→ **EXERCISE GOAL**
For the word "assumes", copy every line of the material that includes it.

┄┄┄┄┄┄

lemma proj_distance_le_sum_prefix_bias:
  assumes "finite R" "T \<subseteq> {..<m}"
  shows "proj_distance p h T m R \<le> (\<Sum>i\<in>T. prefix_bias p h i m R)"
  using assms(2)
proof (induction m arbitrary: p T)
  case 0
  then show ?case by (simp add: proj_distance_def)
next
  case (Suc m)
  let ?T' = "{j. Suc j \<in> T}"
  have "finite T"
    using Suc.prems finite_subset by blast
  have "(\<Sum>r\<in>R. proj_distance (\<lambda>B. p (r # B)) h ?T' m R)
      \<le> (\<Sum>r\<in>R. \<Sum>i\<in>?T'. prefix_bias (\<lambda>B. p (r # B)) h i m R)"
    using Suc by (intro sum_mono Suc.IH) auto
  also have "\<dots> = (\<Sum>i\<in>T - {0}. prefix_bias p h i (Suc m) R)"
    using assms(1) by (rule sum_prefix_bias_Suc)
  finally have suffix: "(\<Sum>r\<in>R. proj_distance (\<lambda>B. p (r # B)) h ?T' m R)
      \<le> (\<Sum>i\<in>T - {0}. prefix_bias p h i (Suc m) R)" .
  show ?case
  proof (cases "0 \<in> T")
    case True
    then show ?thesis
      using proj_distance_Suc_le_in[OF assms(1) True \<open>finite T\<close>, of p h m] suffix
        sum.remove[OF \<open>finite T\<close> True, of "\<lambda>i. prefix_bias p h i (Suc m) R"] by linarith
  next
    case False
    then show ?thesis
      using proj_distance_Suc_le_notin[OF assms(1) False, of p h m] suffix by simp
  qed
qed
lemma fields_homogeneous:
  assumes "0 \<le> t" "ereal t < T" "0 \<le> R" "R < Rb"
  shows "\<rho> t R = \<rho> t R0" "n t R = n t R0" "\<phi> t R = \<phi> t R0"
proof -
  have p: "(t,R) \<in> closed_rect T Rb" using assms by (simp add: closed_rect_def)
  show "\<rho> t R = \<rho> t R0" by (rule indep_R_closed_rect[of \<rho>, OF _ rho_indep_R p]) simp
  show "n t R = n t R0" by (rule indep_R_closed_rect[of n, OF _ n_indep_R p]) simp
  show "\<phi> t R = \<phi> t R0" by (rule indep_R_closed_rect[of \<phi>, OF _ phi_indep_R p]) simp
qed

lemma u_unit:
  "0 \<le> x 0 \<Longrightarrow> ereal (x 0) < T \<Longrightarrow> 0 \<le> x 1 \<Longrightarrow> x 1 < Rb \<Longrightarrow> u x \<mu> = (if \<mu> = 0 then 1 else 0)"
  using Phi_zero[of "x 0" "x 1"] by (simp add: closed_rect_def comoving_velocity_def)

lemma metric_frw:
  assumes h: "0 \<le> x 0" "ereal (x 0) < T" "0 \<le> x 1" "x 1 < Rb" and ij: "i < 4" "j < 4"
  shows "g x i j = frw_metric a k_curv x i j"
proof -
  have p: "(x 0, x 1) \<in> closed_rect T Rb" using h by (simp add: closed_rect_def)
  have Phi: "\<Phi> (x 0) (x 1) = 0" using Phi_zero[OF p] .
  have r: "r (x 0) (x 1) = a (x 0) * x 1" using r_eq_a_mult h by simp
  have "exp (2 * \<Psi> (x 0) (x 1)) = (exp (\<Psi> 0 (x 1)))^2 * (a (x 0))^2"
    using exp_2Psi_eq[OF p] .
  also have "(exp (\<Psi> 0 (x 1)))^2 = 1 / exp (- (2 * \<Psi> 0 (x 1)))"
    by (simp add: exp_minus exp_double divide_inverse)
  also have "\<dots> = 1 / (1 - k_curv * (x 1)^2)" using exp_Psi_initial h by simp
  finally have e2: "exp (2 * \<Psi> (x 0) (x 1)) = (a (x 0))^2 / (1 - k_curv * (x 1)^2)" by simp
  have "i = 0 \<or> i = 1 \<or> i = 2 \<or> i = 3" "j = 0 \<or> j = 1 \<or> j = 2 \<or> j = 3" using ij by arith+
  then show ?thesis
    by (elim disjE) (simp_all add: sph_metric_def frw_metric_def power_mult_distrib
        Phi r e2 Phi[unfolded One_nat_def] r[unfolded One_nat_def] e2[unfolded One_nat_def])
qed

end

theorem mainTheorem1:
  fixes \<Phi> \<Psi> r \<rho> n \<phi> :: "real \<Rightarrow> real \<Rightarrow> real"
    and T :: ereal and Rb \<sigma> :: real
  defines "g \<equiv> sph_metric \<Phi> \<Psi> r"
    and "u \<equiv> (\<lambda>x \<mu>. if \<mu> = 0 then exp (- \<Phi> (x 0) (x 1)) else 0)"
  assumes T_pos: "0 < T" and Rb_pos: "0 < Rb" and sigma_pos: "0 < \<sigma>"
    and cont: "\<forall>f\<in>{\<Phi>, \<Psi>, r, \<rho>, n, \<phi>}.
        continuous_on {(t,R). 0 \<le> t \<and> ereal t < T \<and> 0 \<le> R \<and> R \<le> Rb} (\<lambda>(t,R). f t R)"
    and smooth: "\<forall>f\<in>{\<Phi>, \<Psi>, r, \<rho>, n, \<phi>}.
        smooth2 {(t,R). 0 < t \<and> ereal t < T \<and> 0 < R \<and> R < Rb} f"
    and r_pos: "\<And>t R. 0 \<le> t \<Longrightarrow> ereal t < T \<Longrightarrow> 0 < R \<Longrightarrow> R < Rb \<Longrightarrow> 0 < r t R"
    and norm_Phi: "\<And>t. 0 \<le> t \<Longrightarrow> ereal t < T \<Longrightarrow> \<Phi> t Rb = 0"
    and norm_r: "\<And>R. 0 \<le> R \<Longrightarrow> R < Rb \<Longrightarrow> r 0 R = R"
    and rho_nz: "\<And>t R. 0 \<le> t \<Longrightarrow> ereal t < T \<Longrightarrow> 0 \<le> R \<Longrightarrow> R < Rb \<Longrightarrow> \<rho> t R \<noteq> 0"
    and n_nz: "\<And>t R. 0 \<le> t \<Longrightarrow> ereal t < T \<Longrightarrow> 0 \<le> R \<Longrightarrow> R < Rb \<Longrightarrow> n t R \<noteq> 0"
    and eqs: "\<And>x. 0 < x 0 \<Longrightarrow> ereal (x 0) < T \<Longrightarrow> 0 < x 1 \<Longrightarrow> x 1 < Rb \<Longrightarrow>
        0 < x 2 \<Longrightarrow> x 2 < pi \<Longrightarrow>
        divergence g (\<lambda>y \<mu>. lift \<rho> y * u y \<mu>) x = \<sigma> * lift n x
      \<and> (\<forall>\<nu><4. lift \<rho> x * (\<Sum>m<4. u x m * cov_deriv g u x m \<nu>) = 0)
      \<and> divergence g (\<lambda>y \<mu>. lift n y * u y \<mu>) x = 0
      \<and> (\<forall>\<mu><4. \<forall>\<nu><4. ricci g x \<mu> \<nu> - (1/2) * g x \<mu> \<nu> * scalar_curv g x + lift \<phi> x * g x \<mu> \<nu>
              = lift \<rho> x * lower g u x \<mu> * lower g u x \<nu>)
      \<and> (\<forall>\<nu><4. pd \<nu> (lift \<phi>) x = \<sigma> * (lift n x * lower g u x \<nu>))"
  shows "(\<exists>f1 f2 f3 :: real \<Rightarrow> real. \<forall>t R. 0 \<le> t \<and> ereal t < T \<and> 0 \<le> R \<and> R < Rb \<longrightarrow>
            \<rho> t R = f1 t \<and> n t R = f2 t \<and> \<phi> t R = f3 t)
       \<and> (\<exists>(a :: real \<Rightarrow> real) (k :: real).
            (\<forall>t. 0 \<le> t \<and> ereal t < T \<longrightarrow> 0 < a t)
          \<and> (\<forall>x. 0 \<le> x 0 \<and> ereal (x 0) < T \<and> 0 \<le> x 1 \<and> x 1 < Rb \<longrightarrow>
               0 < 1 - k * (x 1)\<^sup>2
             \<and> (\<forall>i<4. \<forall>j<4. g x i j = frw_metric a k x i j)
             \<and> (\<forall>\<mu><4. u x \<mu> = (if \<mu> = 0 then 1 else 0))))"
proof -
  have u_eq: "u = comoving_velocity \<Phi>"
    by (simp add: u_def comoving_velocity_def fun_eq_iff)
  have continuous: "continuous_on (closed_rect T Rb) (\<lambda>(t,R). f t R)"
    if "f \<in> {\<Phi>, \<Psi>, r, \<rho>, n, \<phi>}" for f
    using cont that unfolding closed_rect_def by blast
  interpret dust_scalar_solution \<Psi> r T Rb \<Phi> \<rho> n \<phi> \<sigma>
    by unfold_locales
      (use T_pos Rb_pos sigma_pos continuous smooth r_pos norm_Phi norm_r rho_nz n_nz eqs in
        \<open>simp_all add: g_def u_eq open_rect_def closed_rect_def chart_dom_def\<close>)
  show ?thesis
    unfolding g_def u_eq
    apply (intro conjI)
     apply (rule exI[of _ "\<lambda>t. \<rho> t R0"], rule exI[of _ "\<lambda>t. n t R0"], rule exI[of _ "\<lambda>t. \<phi> t R0"])
     apply (auto dest: fields_homogeneous)[1]
    apply (rule exI[of _ a], rule exI[of _ k_curv])
    apply (auto simp: a_pos k_curv_mult_sq_less_1 metric_frw u_unit)
    done
qed

end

┄┄┄┄┄┄

→ **RESPONSE TO THIS EXERCISE**
  assumes "finite R" "T \<subseteq> {..<m}"
  assumes "0 \<le> t" "ereal t < T" "0 \<le> R" "R < Rb"
  assumes h: "0 \<le> x 0" "ereal (x 0) < T" "0 \<le> x 1" "x 1 < Rb" and ij: "i < 4" "j < 4"
  assumes T_pos: "0 < T" and Rb_pos: "0 < Rb" and sigma_pos: "0 < \<sigma>"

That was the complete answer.